Я пыталась представить его лицо, которое так и не увидела, и глаза, взгляд которых даже на мгновение не пересекся с моим. Пыталась вспомнить его голос. Мне совершенно не хотелось его забыть. Именно поэтому решила уйти домой, чтобы снова погрузиться в тишину, на которую, как на белый экран, собиралась спроецировать и собрать все кадры сцены той встречи и попытаться понять ее смысл.
Понять, что пытается сделать наш разум, когда не может найти смысл происходящего, когда теряет его. Мы хотим понять, найти логику, смысл, чтобы положить конец душевным метаниям, тому, что от нас ускользает. Я долго и яростно пыталась понять. Просветление наступило, когда я перестала упорствовать в этом. Ибо понимание никогда не охватывает суть вещей, лишь мелкие детали.
Оказавшись дома, я всецело предалась брожению по чертогам памяти и провела так весь день. Затем меня осенила мысль, равная по своему значению величайшему научному открытию: если он вернется туда, возможно, это будет завтра. Эта идея поглотила меня целиком. Конечно, он придет туда именно завтра, да. Он же завсегдатай, а вдруг он бывает там каждый день? Сейчас же сентябрь: может, он был в отпуске и теперь возвращается к своим утренним привычкам? Может, он даже живет на острове? И эта вторая мысль с ошеломляющей очевидностью наложилась на предыдущую.
Вы же понимаете, ведь я не видела ни лица, ни глаз? Мне этого хотелось больше всего на свете. И поговорить с ним, узнать, кто он.
Нетерпение было столь велико, что я так и не смогла заснуть. Читала один роман за другим, не запоминая ни единой фразы. Попыталась немного поиграть на фортепиано, но вспомнила, что на дворе ночь. Бесконечно ворочалась в постели, пытаясь унять эту адскую взбудораженность. Завтра он точно придет, и я наконец-то узнаю, что это было.

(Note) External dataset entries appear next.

(* Let $\mathcal W$ be a monotonic game on $[n]$ and $i\neq j$ players. Then the game $\hat{\mathcal W}$ obtained by imposing an asymmetric reciprocal strong YES-quarrel between $i$ and $j$ is quasi-monotonic (i.e. 1-monotonic).
   Context: Players are $[n]=\{1,\dots,n\}$. A binary voting game on $[n]$ is identified with its collection $\mathcal W\subseteq 2^{[n]}$ of winning sets ($S\in\mathcal W$ means the division in which exactly the members of $S$ vote YES has outcome YES). It is monotonic if $T\subseteq S$ and $T\in\mathcal W$ imply $S\in\mathcal W$. For an integer $k\ge0$, a game $\mathcal W$ is $k$-monotonic if for every $S\subseteq[n]$ with $S\notin\mathcal W$ and every proper subset $T\subsetneq S$ there exists $K$ with $|K|\le k$ such that $T\setminus K\notin\mathcal W$; quasi-monotonic means 1-monotonic. Asymmetric reciprocal strong YES-quarrel between $i$ and $j$: for every $S\subseteq[n]\setminus\{i,j\}$, $S\cup\{i,j\}\in\hat{\mathcal W}\iff S\in\mathcal W$; $S\cup\{i\}\in\hat{\mathcal W}\iff S\cup\{i\}\in\mathcal W$; $S\cup\{j\}\in\hat{\mathcal W}\iff S\cup\{j\}\in\mathcal W$; $S\in\hat{\mathcal W}\iff S\in\mathcal W$. *)

theory Defs
  imports Main
begin

definition game :: "nat \<Rightarrow> nat set set \<Rightarrow> bool" where
  "game n W \<longleftrightarrow> W \<subseteq> Pow {1..n}"

definition monotonic :: "nat \<Rightarrow> nat set set \<Rightarrow> bool" where
  "monotonic n W \<longleftrightarrow>
     (\<forall>S T. S \<subseteq> {1..n} \<longrightarrow> T \<subseteq> S \<longrightarrow> T \<in> W \<longrightarrow> S \<in> W)"

definition k_monotonic :: "nat \<Rightarrow> nat \<Rightarrow> nat set set \<Rightarrow> bool" where
  "k_monotonic k n W \<longleftrightarrow>
     (\<forall>S T. S \<subseteq> {1..n} \<longrightarrow> S \<notin> W \<longrightarrow> T \<subset> S \<longrightarrow>
        (\<exists>K. finite K \<and> card K \<le> k \<and> T - K \<notin> W))"

definition quasi_monotonic :: "nat \<Rightarrow> nat set set \<Rightarrow> bool" where
  "quasi_monotonic n W \<longleftrightarrow> k_monotonic 1 n W"

text \<open>The game obtained from W by imposing an asymmetric reciprocal strong
  YES-quarrel between i and j, as a set of coalitions of {1..n}:
  for S \<subseteq> [n]-{i,j}: S\<union>{i,j} wins iff S wins; every other coalition
  keeps its original outcome.\<close>

definition asym_recip_strong_yes_quarrel ::
  "nat \<Rightarrow> nat set set \<Rightarrow> nat \<Rightarrow> nat \<Rightarrow> nat set set" where
  "asym_recip_strong_yes_quarrel n W i j =
     {S. S \<subseteq> {1..n} \<and>
         (if i \<in> S \<and> j \<in> S then S - {i, j} \<in> W else S \<in> W)}"

end

theory Submission
  imports Defs
begin

text \<open>Membership of a coalition Y in the quarrel game is decided by its core: Y itself, or
  Y - {i, j} when Y contains both quarrelling players. Among coalitions that contain either both
  or neither of i and j, the core is monotone under inclusion, so monotonicity of W passes
  losing coalitions downwards. A subcoalition T of a losing S that contains exactly one of i, j
  is brought into this class by removing that single player.\<close>

lemma mem_asym_recip_strong_yes_quarrel_iff:
  "Y \<in> asym_recip_strong_yes_quarrel n W i j \<longleftrightarrow>
     Y \<subseteq> {1..n} \<and> (if i \<in> Y \<and> j \<in> Y then Y - {i, j} \<in> W else Y \<in> W)"
  unfolding asym_recip_strong_yes_quarrel_def by simp

lemma monotonicD_losing:
  assumes "monotonic n W" "X \<subseteq> {1..n}" "Y \<subseteq> X" "X \<notin> W"
  shows "Y \<notin> W"
  using assms unfolding monotonic_def by blast

lemma asym_recip_strong_yes_quarrel_losing_subset:
  assumes mono: "monotonic n W"
    and X: "X \<subseteq> {1..n}" "X \<notin> asym_recip_strong_yes_quarrel n W i j"
    and YX: "Y \<subseteq> X"
    and balanced: "i \<in> Y \<longleftrightarrow> j \<in> Y"
  shows "Y \<notin> asym_recip_strong_yes_quarrel n W i j"
proof -
  define core where "core Z = (if i \<in> Z \<and> j \<in> Z then Z - {i, j} else Z)" for Z :: "nat set"
  have "core X \<notin> W"
    using X by (auto simp: mem_asym_recip_strong_yes_quarrel_iff core_def split: if_splits)
  moreover have "core Y \<subseteq> core X"
    using YX balanced by (auto simp: core_def)
  moreover have "core X \<subseteq> {1..n}"
    using X by (auto simp: core_def)
  ultimately have "core Y \<notin> W"
    using monotonicD_losing[OF mono] by blast
  then show ?thesis
    by (auto simp: mem_asym_recip_strong_yes_quarrel_iff core_def split: if_splits)
qed

theorem theorem7:
  fixes n i j :: nat and W :: "nat set set"
  assumes "game n W"
    and "monotonic n W"
    and "i \<in> {1..n}" and "j \<in> {1..n}" and "i \<noteq> j"
  shows "quasi_monotonic n (asym_recip_strong_yes_quarrel n W i j)"
  unfolding quasi_monotonic_def k_monotonic_def
proof (intro allI impI)
  fix S T
  assume S: "S \<subseteq> {1..n}" "S \<notin> asym_recip_strong_yes_quarrel n W i j" and "T \<subset> S"
  define K where "K = (if i \<in> T \<longleftrightarrow> j \<in> T then {} else T \<inter> {i, j})"
  have K_cases: "K = {} \<or> K = {i} \<or> K = {j}"
    unfolding K_def by auto
  have "T - K \<subseteq> S"
    using \<open>T \<subset> S\<close> by blast
  moreover have "i \<in> T - K \<longleftrightarrow> j \<in> T - K"
    unfolding K_def by auto
  ultimately have "T - K \<notin> asym_recip_strong_yes_quarrel n W i j"
    using asym_recip_strong_yes_quarrel_losing_subset[OF assms(2) S] by blast
  moreover have "finite K" "card K \<le> 1"
    using K_cases by auto
  ultimately show "\<exists>K. finite K \<and> card K \<le> 1 \<and> T - K \<notin> asym_recip_strong_yes_quarrel n W i j"
    by blast
qed

end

Дважды в одну воду не входят. В конце концов, он просто мужчина, как и любой другой. Мне определенно многое померещилось. Завтра все встанет на свои места.
Наступление нового дня пришло как избавление. Усталость помогла немного замедлиться, а то я была бы при полном параде уже к рассвету. Обычно я приходила в кафе в 8:30 утра. Сегодня же, утром нашего второго дня, я появилась на пороге на полчаса раньше.
И чем ближе подходила к кафе, тем яростнее билось мое сердце».
– Вы снова его увидели? – спросила я, еле дыша, как, наверное, и она тогда.